## TASK TO COMPLETE
Return all the lines below in which the string "that" appears.

## PROVIDED DATA
▬▬▬▬▬▬▬▬▬▬
text \<open>A run reads an ascent sequence after its initial letter 0, so \<open>q\<^sub>0\<close> is the state of
  \<open>[0]\<close>; \<open>inv q x\<close> is what the state \<open>q\<close> records about the sequence \<open>x\<close>.\<close>

locale avoider_automaton =
  fixes P :: "nat list set"
    and T :: "'q \<Rightarrow> (nat \<times> 'q) list"
    and q\<^sub>0 :: 'q
    and inv :: "'q \<Rightarrow> nat list \<Rightarrow> bool"
  assumes patterns_long: "\<And>p. p \<in> P \<Longrightarrow> 2 \<le> length p"
    and distinct_letters: "\<And>q. distinct (map fst (T q))"
    and inv_q\<^sub>0: "inv q\<^sub>0 [0]"
    and letters_iff: "\<And>q x v. avoider P x \<Longrightarrow> inv q x \<Longrightarrow> v \<in> fst ` set (T q) \<longleftrightarrow> avoider P (x @ [v])"
    and inv_step: "\<And>q q' x v. avoider P x \<Longrightarrow> inv q x \<Longrightarrow> (v, q') \<in> set (T q) \<Longrightarrow> inv q' (x @ [v])"
begin

lemma run_correct:
  "(run T q\<^sub>0 xs \<noteq> None \<longleftrightarrow> avoider P (0 # xs)) \<and> (\<forall>q. run T q\<^sub>0 xs = Some q \<longrightarrow> inv q (0 # xs))"
proof (induction xs rule: rev_induct)
  case Nil
  show ?case
    using avoider_singleton[OF patterns_long] inv_q\<^sub>0 by simp
next
  case (snoc v xs)
  show ?case
  proof (cases "run T q\<^sub>0 xs")
    case None
    with snoc.IH show ?thesis
      using avoider_snoc[of "0 # xs" P v] by simp
  next
    case (Some q)
    with snoc.IH have av: "avoider P (0 # xs)" and inv: "inv q (0 # xs)" by auto
    have "run T q\<^sub>0 (xs @ [v]) \<noteq> None \<longleftrightarrow> v \<in> fst ` set (T q)"
      using Some by (simp only: run_snoc bind.simps dom_map_of_conv_image_fst[symmetric] domIff)
    with letters_iff[OF av inv] have "run T q\<^sub>0 (xs @ [v]) \<noteq> None \<longleftrightarrow> avoider P (0 # xs @ [v])"
      by simp
    moreover have "inv q' (0 # xs @ [v])" if "run T q\<^sub>0 (xs @ [v]) = Some q'" for q'
      using inv_step[OF av inv map_of_SomeD, of v q'] that Some by simp
    ultimately show ?thesis by blast
  qed
qed

lemma a_count_Suc_eq: "a_count P (Suc n) = card (words_to T q\<^sub>0 n (\<lambda>_. True))"
  unfolding a_count_Suc words_to_def using run_correct by (metis not_None_eq)

end

section \<open>Avoiders of 0101, 0102, 0112\<close>

abbreviation patterns_A :: "nat list set" where
  "patterns_A \<equiv> {[0,1,0,1], [0,1,0,2], [0,1,1,2]}"

lemma avoider_A_snoc:
  assumes "avoider patterns_A x"
  shows "avoider patterns_A (x @ [v]) \<longleftrightarrow> v \<le> Suc (asc x)
    \<and> \<not> (\<exists>a. subseq [a, v, a] x \<and> a < v)
    \<and> \<not> (\<exists>a b. subseq [a, b, a] x \<and> a < b \<and> b < v)
    \<and> \<not> (\<exists>a b. subseq [a, b, b] x \<and> a < b \<and> b < v)"
  unfolding avoider_snoc[OF avoider_nonempty[OF assms]] ball_simps
    new_occurrence_0101 new_occurrence_0102 new_occurrence_0112
  using assms by blast

text \<open>The avoiders are the words \<open>0\<dots>0 1 2 \<dots> m w\<close> with \<open>w\<close> weakly decreasing and bounded by
  \<open>m\<close>. In state \<open>A_Run k\<close> the word read so far is \<open>0\<dots>0 1 2 \<dots> (k + 1)\<close>; in state \<open>A_Desc l\<close>
  the decreasing part has started and ends in \<open>l\<close>.\<close>

datatype state_A = A_Zeros | A_Run nat | A_Desc nat

fun trans_A :: "state_A \<Rightarrow> (nat \<times> state_A) list" where
  "trans_A A_Zeros = [(0, A_Zeros), (1, A_Run 0)]"
| "trans_A (A_Run k) = (Suc (Suc k), A_Run (Suc k)) # map (\<lambda>v. (v, A_Desc v)) [0..<Suc (Suc k)]"
| "trans_A (A_Desc l) = map (\<lambda>v. (v, A_Desc v)) [0..<Suc l]"

fun inv_A :: "state_A \<Rightarrow> nat list \<Rightarrow> bool" where
  "inv_A A_Zeros x \<longleftrightarrow> sorted x \<and> last x = 0"
| "inv_A (A_Run k) x \<longleftrightarrow> sorted x \<and> last x = Suc k \<and> (\<forall>a b. a < b \<longrightarrow> \<not> subseq [a, b, b] x)"
| "inv_A (A_Desc l) x \<longleftrightarrow> last x = l
     \<and> (\<forall>a b. a < b \<and> b \<le> l \<longrightarrow> \<not> subseq [a, b, a] x) \<and> (\<forall>a b. a < b \<and> b < l \<longrightarrow> \<not> subseq [a, b, b] x)
     \<and> (subseq [l, Suc l, l] x \<or> (\<exists>a<l. subseq [a, l, l] x)) \<and> (\<forall>u<l. subseq [u, Suc u] x)"

lemma A_zeros_extend:
  assumes x: "avoider patterns_A x" "inv_A A_Zeros x"
  shows "avoider patterns_A (x @ [v]) \<longleftrightarrow> v \<le> 1"
proof -
  from x have sorted: "sorted x" and asc: "asc x = 0" and set: "set x = {0}"
    using avoider_sorted[of patterns_A x] by auto
  then have "a = 0 \<and> b = 0 \<and> c = 0" if "subseq [a, b, c] x" for a b c
    using subseq_triple_in_set[OF that] by simp
  then show ?thesis
    unfolding avoider_A_snoc[OF x(1)] asc by auto
qed

lemma A_run_extend:
  assumes x: "avoider patterns_A x" "inv_A (A_Run k) x"
  shows "avoider patterns_A (x @ [v]) \<longleftrightarrow> v \<le> Suc (Suc k)"
proof -
  from x(2) have sorted: "sorted x" and no_abb: "\<And>a b. a < b \<Longrightarrow> \<not> subseq [a, b, b] x"
    by auto
  from x have asc: "asc x = Suc k"
    using avoider_sorted[of patterns_A x] by simp
  have sorted_triples: "a \<le> b \<and> b \<le> c" if "subseq [a, b, c] x" for a b c
    using subseq_triple_sorted[OF that sorted] .
  show ?thesis
    unfolding avoider_A_snoc[OF x(1)] asc by (auto dest: no_abb sorted_triples)
qed

lemma A_desc_extend:
  assumes x: "avoider patterns_A x" "inv_A (A_Desc l) x"
  shows "avoider patterns_A (x @ [v]) \<longleftrightarrow> v \<le> l"
proof (cases "v \<le> l")
  case True
  from x(2) have no_aba: "\<And>a b. a < b \<Longrightarrow> b \<le> l \<Longrightarrow> \<not> subseq [a, b, a] x"
    and no_abb: "\<And>a b. a < b \<Longrightarrow> b < l \<Longrightarrow> \<not> subseq [a, b, b] x"
    by auto
  from x(2) have "last x = l" by simp
  then have "l \<in> set x"
    using last_in_set[OF avoider_nonempty[OF x(1)]] by simp
  then have "l \<le> asc x" by (rule avoider_le_asc[OF x(1)])
  with True show ?thesis
    unfolding avoider_A_snoc[OF x(1)] by (auto dest: no_aba no_abb)
next
  case False
  from x(2) have "subseq [l, Suc l, l] x \<or> (\<exists>a<l. subseq [a, l, l] x)" by simp
  with False consider (up) "v = Suc l" "subseq [l, Suc l, l] x"
    | (high) "Suc l < v" "subseq [l, Suc l, l] x" | (flat) a where "a < l" "subseq [a, l, l] x"
    by (metis Suc_lessI not_le)
  then show ?thesis
  proof cases
    case up
    then have "new_occurrence [0,1,0,1] x v" by (intro new_occurrence_0101I[of l]) auto
    with False show ?thesis
      using new_occurrence_not_avoider[of _ x v patterns_A] by simp
  next
    case high
    then have "new_occurrence [0,1,0,2] x v" by (intro new_occurrence_0102I[of l "Suc l"]) auto
    with False show ?thesis
      using new_occurrence_not_avoider[of _ x v patterns_A] by simp
  next
    case (flat a)
    with False have "new_occurrence [0,1,1,2] x v" by (intro new_occurrence_0112I[of a l]) auto
    with False show ?thesis
      using new_occurrence_not_avoider[of _ x v patterns_A] by simp
  qed
qed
▬▬▬▬▬▬▬▬▬▬
## PROBLEM SOLUTION
      using inv_step[OF av inv map_of_SomeD, of v q'] that Some by simp
    using subseq_triple_in_set[OF that] by simp
    using subseq_triple_sorted[OF that sorted] .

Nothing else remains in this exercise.